The word "cases" occurs in some lines of the data. Return each such line.

Collected data
════════════════

(* Let $S_1$ and $S_2$ be semigroups with finite generating sets $A_1$ and $A_2$ respectively. If $(S_1,d_{A_1})$ quasi-isometrically embeds into $(S_2,d_{A_2})$ and $(S_2,d_{A_2})$ quasi-isometrically embeds into $(S_1,d_{A_1})$, then $S_1$ and $S_2$ have the same growth type. In particular, growth type is a quasi-isometry invariant of finitely generated semigroups.
   Context: For a semigroup $S$ generated by a finite set $A$, $d_A(x,y)=\inf\{|w|:w\in A^*,\ xw=y\}$ ($A^*$ the free monoid on $A$, $\inf\emptyset=\infty$), a not necessarily symmetric distance with values in $\mathbb{R}^{\ge0}\cup\{\infty\}$. A map $f:X\to X'$ of such spaces is a quasi-isometric embedding if there are $1\le\lambda<\infty$, $0<\epsilon<\infty$ with $\frac1\lambda d(x,y)-\epsilon\le d'(f(x),f(y))\le\lambda d(x,y)+\epsilon$ for all $x,y$; it is a quasi-isometry if in addition there is $0\le\mu<\infty$ such that every $x'\in X'$ has some $x$ with $\max(d'(x',f(x)),d'(f(x),x'))\le\mu$. Semigroups $S,T$ are quasi-isometric if $(S,d_A)$, $(T,d_B)$ are quasi-isometric for some finite generating sets $A,B$. A growth function is a monotone non-decreasing function $\mathbb{N}\to\mathbb{N}$; write $\alpha_1\preccurlyeq\alpha_2$ if there are natural numbers $k_1,k_2\ge1$ with $\alpha_1(t)\le k_1\alpha_2(k_2t)$ for all $t$, and $\alpha_1\sim\alpha_2$ if $\alpha_1\preccurlyeq\alpha_2$ and $\alpha_2\preccurlyeq\alpha_1$; the growth type of $\alpha$ is its $\sim$-class. The growth function of $S$ with respect to $A$ is $g_S(m)=|\{z\in S: l_A(z)\le m\}|$, where $l_A(z)$ is the minimal length of a nonempty word over $A$ representing $z$; its growth type (the growth type of $S$) does not depend on the finite generating set. *)

theory Defs
  imports "HOL-Library.Extended_Real"
begin

definition word_prod :: "'a::semigroup_mult list \<Rightarrow> 'a" where
  "word_prod w = foldl (*) (hd w) (tl w)"

definition generates :: "'a::semigroup_mult set \<Rightarrow> bool" where
  "generates A \<longleftrightarrow> (\<forall>z. \<exists>w. w \<noteq> [] \<and> set w \<subseteq> A \<and> word_prod w = z)"

definition fin_gen :: "'a::semigroup_mult set \<Rightarrow> bool" where
  "fin_gen A \<longleftrightarrow> finite A \<and> generates A"

text \<open>d_A(x,y) = inf of lengths of words w over A (possibly empty) with x w = y;
  inf of the empty set is infinity.\<close>
definition sdist :: "'a::semigroup_mult set \<Rightarrow> 'a \<Rightarrow> 'a \<Rightarrow> enat" where
  "sdist A x y = (INF w \<in> {w. set w \<subseteq> A \<and> foldl (*) x w = y}. enat (length w))"

definition qi_embedding ::
  "'a::semigroup_mult set \<Rightarrow> 'b::semigroup_mult set \<Rightarrow> ('a \<Rightarrow> 'b) \<Rightarrow> bool" where
  "qi_embedding A B f \<longleftrightarrow>
     (\<exists>(lam::real) (eps::real). 1 \<le> lam \<and> 0 < eps \<and>
        (\<forall>x y. ereal (1/lam) * ereal_of_enat (sdist A x y) - ereal eps
                  \<le> ereal_of_enat (sdist B (f x) (f y))
              \<and> ereal_of_enat (sdist B (f x) (f y))
                  \<le> ereal lam * ereal_of_enat (sdist A x y) + ereal eps))"

definition quasi_isometry ::
  "'a::semigroup_mult set \<Rightarrow> 'b::semigroup_mult set \<Rightarrow> ('a \<Rightarrow> 'b) \<Rightarrow> bool" where
  "quasi_isometry A B f \<longleftrightarrow> qi_embedding A B f \<and>
     (\<exists>(mu::real). 0 \<le> mu \<and> (\<forall>x'. \<exists>x.
        max (ereal_of_enat (sdist B x' (f x))) (ereal_of_enat (sdist B (f x) x')) \<le> ereal mu))"

definition word_length :: "'a::semigroup_mult set \<Rightarrow> 'a \<Rightarrow> enat" where
  "word_length A z = (INF w \<in> {w. w \<noteq> [] \<and> set w \<subseteq> A \<and> word_prod w = z}. enat (length w))"

definition growth :: "'a::semigroup_mult set \<Rightarrow> nat \<Rightarrow> nat" where
  "growth A m = card {z. word_length A z \<le> enat m}"

definition growth_le :: "(nat \<Rightarrow> nat) \<Rightarrow> (nat \<Rightarrow> nat) \<Rightarrow> bool" where
  "growth_le a1 a2 \<longleftrightarrow> (\<exists>k1 k2::nat. 1 \<le> k1 \<and> 1 \<le> k2 \<and> (\<forall>t. a1 t \<le> k1 * a2 (k2 * t)))"

definition growth_equiv :: "(nat \<Rightarrow> nat) \<Rightarrow> (nat \<Rightarrow> nat) \<Rightarrow> bool" where
  "growth_equiv a1 a2 \<longleftrightarrow> growth_le a1 a2 \<and> growth_le a2 a1"

end

theory Submission
  imports Defs
begin

text \<open>A quasi-isometric embedding \<open>f\<close> is coarsely Lipschitz and has uniformly bounded fibres
  (points with the same image are within bounded distance of each other). Write a word of
  length at most \<open>m\<close> as a generator \<open>a\<close> followed by a path of length less than \<open>m\<close>: then
  \<open>f\<close> maps the \<open>m\<close>-ball of \<open>S\<^sub>1\<close> into a ball of radius \<open>L m + D\<close> of \<open>S\<^sub>2\<close>, at most \<open>K\<close>-to-one,
  so \<open>g\<^sub>1(m) \<le> K g\<^sub>2((L + D) m)\<close>. The second assertion reduces to the first: the identity
  between two finite generating sets is such an embedding, so the growth type does not depend
  on the generating set, and a quasi-isometry has a coarse inverse, which again is coarsely
  Lipschitz with bounded fibres.\<close>

section \<open>Word metrics\<close>

lemma INF_enat_le_enatD:
  assumes "(INF w\<in>S. enat (g w)) \<le> enat n"
  shows "\<exists>w\<in>S. g w \<le> n"
proof -
  obtain w where "w \<in> S"
    using assms by (cases "S = {}") (auto simp: top_enat_def)
  then have "(INF w\<in>S. enat (g w)) \<in> (\<lambda>w. enat (g w)) ` S"
    by (blast intro: wellorder_InfI)
  with assms show ?thesis by auto
qed

lemma sdist_le_length: "set w \<subseteq> A \<Longrightarrow> foldl (*) x w = y \<Longrightarrow> sdist A x y \<le> enat (length w)"
  unfolding sdist_def by (rule INF_lower2[of w]) auto

lemma sdist_le_enatE:
  assumes "sdist A x y \<le> enat n"
  obtains w where "set w \<subseteq> A" "foldl (*) x w = y" "length w \<le> n"
  using INF_enat_le_enatD[OF assms[unfolded sdist_def]] by blast

lemma word_length_le_length:
  "w \<noteq> [] \<Longrightarrow> set w \<subseteq> A \<Longrightarrow> word_prod w = z \<Longrightarrow> word_length A z \<le> enat (length w)"
  unfolding word_length_def by (rule INF_lower2[of w]) auto

lemma word_length_le_enatE:
  assumes "word_length A z \<le> enat n"
  obtains w where "w \<noteq> []" "set w \<subseteq> A" "word_prod w = z" "length w \<le> n"
  using INF_enat_le_enatD[OF assms[unfolded word_length_def]] by blast

lemma word_length_le_enat_imp_pos: "word_length A z \<le> enat m \<Longrightarrow> 1 \<le> m"
  by (erule word_length_le_enatE) (metis Suc_leI le_trans length_greater_0_conv One_nat_def)

lemma foldl_mult_left: "foldl (*) (x * y) w = x * foldl (*) (y::'a::semigroup_mult) w"
  by (induction w arbitrary: y) (auto simp: mult.assoc)

lemma foldl_eq_mult_word_prod: "w \<noteq> [] \<Longrightarrow> foldl (*) x w = x * word_prod w"
  by (cases w) (auto simp: word_prod_def foldl_mult_left)

lemma sdist_self: "sdist A x x = 0"
proof -
  have "sdist A x x \<le> enat 0" using sdist_le_length[of "[]" A x x] by simp
  then show ?thesis by (simp add: enat_0)
qed

lemma sdist_triangle:
  assumes "sdist A x y \<le> enat p" "sdist A y z \<le> enat q"
  shows "sdist A x z \<le> enat (p + q)"
proof -
  obtain u where u: "set u \<subseteq> A" "foldl (*) x u = y" "length u \<le> p"
    using assms(1) by (rule sdist_le_enatE)
  obtain v where v: "set v \<subseteq> A" "foldl (*) y v = z" "length v \<le> q"
    using assms(2) by (rule sdist_le_enatE)
  have "sdist A x z \<le> enat (length (u @ v))" using u v by (intro sdist_le_length) auto
  also have "\<dots> \<le> enat (p + q)" using u v by simp
  finally show ?thesis .
qed

lemma word_length_le_add_sdist:
  assumes "word_length A x \<le> enat p" "sdist A x y \<le> enat q"
  shows "word_length A y \<le> enat (p + q)"
proof -
  obtain u where u: "u \<noteq> []" "set u \<subseteq> A" "word_prod u = x" "length u \<le> p"
    using assms(1) by (rule word_length_le_enatE)
  obtain v where v: "set v \<subseteq> A" "foldl (*) x v = y" "length v \<le> q"
    using assms(2) by (rule sdist_le_enatE)
  have "word_prod (u @ v) = y" using u v by (cases u) (auto simp: word_prod_def)
  then have "word_length A y \<le> enat (length (u @ v))"
    using u v by (intro word_length_le_length) auto
  also have "\<dots> \<le> enat (p + q)" using u v by simp
  finally show ?thesis .
qed

lemma word_length_le_enat_imp_sdist_from_generator:
  assumes "word_length A z \<le> enat m"
  shows "\<exists>a\<in>A. sdist A a z \<le> enat m"
proof -
  obtain w where w: "w \<noteq> []" "set w \<subseteq> A" "word_prod w = z" "length w \<le> m"
    using assms by (rule word_length_le_enatE)
  then obtain a w' where "w = a # w'" by (cases w) auto
  with w have "a \<in> A" "sdist A a z \<le> enat (length w')" "length w' \<le> m"
    by (auto simp: word_prod_def intro!: sdist_le_length)
  then show ?thesis by (meson enat_ord_simps(1) order_trans)
qed

lemma sdist_mult_right_le_word_length: "sdist A x (x * y) \<le> word_length A y"
proof (cases "word_length A y")
  case (enat n)
  then have "word_length A y \<le> enat n" by simp
  then obtain w where w: "w \<noteq> []" "set w \<subseteq> A" "word_prod w = y" "length w \<le> n"
    by (rule word_length_le_enatE)
  have "sdist A x (x * y) \<le> enat (length w)"
    using sdist_le_length[of w A x "x * y"] w foldl_eq_mult_word_prod[of w x] by simp
  also have "\<dots> \<le> word_length A y" using w enat by simp
  finally show ?thesis .
qed simp

lemma finite_sdist_ball:
  assumes "finite A"
  shows "finite {y. sdist A x y \<le> enat n}"
    and "card {y. sdist A x y \<le> enat n} \<le> card {w. set w \<subseteq> A \<and> length w \<le> n}"
proof -
  have sub: "{y. sdist A x y \<le> enat n} \<subseteq> foldl (*) x ` {w. set w \<subseteq> A \<and> length w \<le> n}"
  proof
    fix y assume "y \<in> {y. sdist A x y \<le> enat n}"
    then have "sdist A x y \<le> enat n" by simp
    then obtain w where "set w \<subseteq> A" "foldl (*) x w = y" "length w \<le> n"
      by (rule sdist_le_enatE)
    then show "y \<in> foldl (*) x ` {w. set w \<subseteq> A \<and> length w \<le> n}" by blast
  qed
  have fin: "finite {w. set w \<subseteq> A \<and> length w \<le> n}"
    using assms by (rule finite_lists_length_le)
  show "finite {y. sdist A x y \<le> enat n}" using sub fin finite_subset by blast
  show "card {y. sdist A x y \<le> enat n} \<le> card {w. set w \<subseteq> A \<and> length w \<le> n}"
    using card_mono[OF finite_imageI[OF fin] sub] card_image_le[OF fin, of "foldl (*) x"] by linarith
qed

lemma finite_word_length_ball:
  assumes "finite A"
  shows "finite {z. word_length A z \<le> enat n}"
proof -
  have "{z. word_length A z \<le> enat n} \<subseteq> word_prod ` {w. set w \<subseteq> A \<and> length w \<le> n}"
  proof
    fix z assume "z \<in> {z. word_length A z \<le> enat n}"
    then have "word_length A z \<le> enat n" by simp
    then obtain w where "set w \<subseteq> A" "word_prod w = z" "length w \<le> n"
      by (rule word_length_le_enatE)
    then show "z \<in> word_prod ` {w. set w \<subseteq> A \<and> length w \<le> n}" by blast
  qed
  then show ?thesis using finite_lists_length_le[OF assms] finite_subset by blast
qed

lemma generates_word_length_bounded:
  assumes "finite S" "generates B"
  shows "\<exists>C. \<forall>a\<in>S. word_length B (g a) \<le> enat C"
proof -
  have "\<exists>n. word_length B (g a) \<le> enat n" for a
  proof -
    obtain w where "w \<noteq> []" "set w \<subseteq> B" "word_prod w = g a"
      using assms(2) unfolding generates_def by blast
    then show ?thesis using word_length_le_length by blast
  qed
  then obtain n where n: "\<And>a. word_length B (g a) \<le> enat (n a)" by metis
  have "word_length B (g a) \<le> enat (Max (n ` S))" if "a \<in> S" for a
  proof -
    have "word_length B (g a) \<le> enat (n a)" by (rule n)
    also have "\<dots> \<le> enat (Max (n ` S))" using assms(1) that by simp
    finally show ?thesis .
  qed
  then show ?thesis by blast
qed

════════════════

**RESPONSE AREA**
    using assms by (cases "S = {}") (auto simp: top_enat_def)
  by (cases w) (auto simp: word_prod_def foldl_mult_left)
  have "word_prod (u @ v) = y" using u v by (cases u) (auto simp: word_prod_def)
  then obtain a w' where "w = a # w'" by (cases w) auto
proof (cases "word_length A y")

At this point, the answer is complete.